lemma cost_nonincreasing_direction:
  assumes "card (support y) > card observed + card (used_bins y)"
  obtains e where "\<forall>r j. (r, j) \<notin> support y \<longrightarrow> e r j = 0"
    "\<exists>(r, j)\<in>support y. e r j < 0"
    "\<forall>r\<in>observed. (\<Sum>j<k. e r j) = 0"
    "\<forall>j<k. (\<Sum>r\<in>observed. (snd r - a j) * e r j) = 0"
    "(\<Sum>r\<in>observed. \<Sum>j<k. e r j * \<bar>fst r - a j\<bar>) \<le> 0"
proof -
  obtain d where d0: "\<forall>r j. (r, j) \<notin> support y \<longrightarrow> d r j = 0"
    and nonzero: "\<exists>(r, j)\<in>support y. d r j \<noteq> 0"
    and rows: "\<forall>r\<in>observed. (\<Sum>j<k. d r j) = 0"
    and columns: "\<forall>j<k. (\<Sum>r\<in>observed. (snd r - a j) * d r j) = 0"
    using balanced_direction_exists[OF assms] by blast
  define \<sigma> where "\<sigma> = (if (\<Sum>r\<in>observed. \<Sum>j<k. d r j * \<bar>fst r - a j\<bar>) \<le> 0 then 1 else - 1 :: real)"
  define e where "e r j = \<sigma> * d r j" for r j
  have e0: "\<forall>r j. (r, j) \<notin> support y \<longrightarrow> e r j = 0" using d0 by (simp add: e_def)
  have e_rows: "\<forall>r\<in>observed. (\<Sum>j<k. e r j) = 0"
    using rows by (simp add: e_def sum_distrib_left[symmetric])
  have "\<forall>j<k. (\<Sum>r\<in>observed. (snd r - a j) * e r j) = 0"
    using columns by (simp add: e_def mult.left_commute[of _ \<sigma>] sum_distrib_left[symmetric])
  moreover have "(\<Sum>r\<in>observed. \<Sum>j<k. e r j * \<bar>fst r - a j\<bar>) \<le> 0"
    by (simp add: e_def \<sigma>_def mult.assoc sum_distrib_left[symmetric] sum_negf)
  moreover have "\<exists>(r, j)\<in>support y. e r j < 0"
  proof (rule ccontr)
    assume "\<not> ?thesis"
    then have nonneg: "0 \<le> e r j" if "r \<in> observed" "j < k" for r j
      using e0[rule_format, of r j] by (cases "(r, j) \<in> support y") (auto simp: not_less)
    have "e r j = 0" if "r \<in> observed" "j < k" for r j
      using e_rows that nonneg sum_nonneg_eq_0_iff[of "{..<k}" "e r"] by auto
    moreover have "\<sigma> \<noteq> 0" by (simp add: \<sigma>_def)
    ultimately show False using nonzero by (auto simp: e_def support_def)
  qed
  ultimately show ?thesis using that e0 e_rows by blast
qed
lemma rho_comparison:
  assumes "reaction_ok f" and "0 \<le> \<alpha>"
    and super: "supersolution f \<alpha> \<beta> d vu ru" and sub: "subsolution f \<alpha> \<beta> d vl rl"
    and "1 \<le> n" and below: "\<forall>j. \<forall>t>0. \<forall>x\<in>{0..1}. vl (n-1) j t x \<le> vu (n-1) j t x"
    and "rl n j 0 \<le> ru n j 0" and "0 \<le> t"
  shows "rl n j t \<le> ru n j t"
proof -
  define F where "F u = f u - 2 * \<beta> * u" for u
  have "locally_lipschitz f" using assms(1) unfolding reaction_ok_def locally_lipschitz_def by blast
  then have lip: "locally_lipschitz F" unfolding F_def by (rule locally_lipschitz_diff_linear)
  obtain ru' where ru': "\<forall>t\<ge>0. (ru n j has_real_derivative ru' t) (at t within {0..})"
    and ru'_ge: "\<forall>t>0. f (ru n j t) + \<alpha> * (vu (n-1) j t 0 + vu (n-1) (j-1) t 1)
      - 2 * \<beta> * ru n j t \<le> ru' t"
    using scheme_rel_rhoD[OF super[unfolded supersolution_def] \<open>1 \<le> n\<close>] by blast
  obtain rl' where rl': "\<forall>t\<ge>0. (rl n j has_real_derivative rl' t) (at t within {0..})"
    and rl'_le: "\<forall>t>0. rl' t \<le> f (rl n j t) + \<alpha> * (vl (n-1) j t 0 + vl (n-1) (j-1) t 1)
      - 2 * \<beta> * rl n j t"
    using scheme_rel_rhoD[OF sub[unfolded subsolution_def] \<open>1 \<le> n\<close>] by blast
  have "rl' s - F (rl n j s) \<le> ru' s - F (ru n j s)" if "0 < s" for s
  proof -
    have "\<alpha> * (vl (n-1) j s 0 + vl (n-1) (j-1) s 1) \<le> \<alpha> * (vu (n-1) j s 0 + vu (n-1) (j-1) s 1)"
      using below that \<open>0 \<le> \<alpha>\<close> by (intro mult_left_mono add_mono) auto
    then show ?thesis using ru'_ge rl'_le that unfolding F_def by fastforce
  qed
  then show ?thesis using ode_comparison[OF lip ru' rl'] assms(7,8) by blast
qed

^^^^

▶ [What the task requires]
The lines you need are those with the word "longrightarrow"; list them from the entries.

▶ [Output for this exercise]
  obtains e where "\<forall>r j. (r, j) \<notin> support y \<longrightarrow> e r j = 0"
  obtain d where d0: "\<forall>r j. (r, j) \<notin> support y \<longrightarrow> d r j = 0"
  have e0: "\<forall>r j. (r, j) \<notin> support y \<longrightarrow> e r j = 0" using d0 by (simp add: e_def)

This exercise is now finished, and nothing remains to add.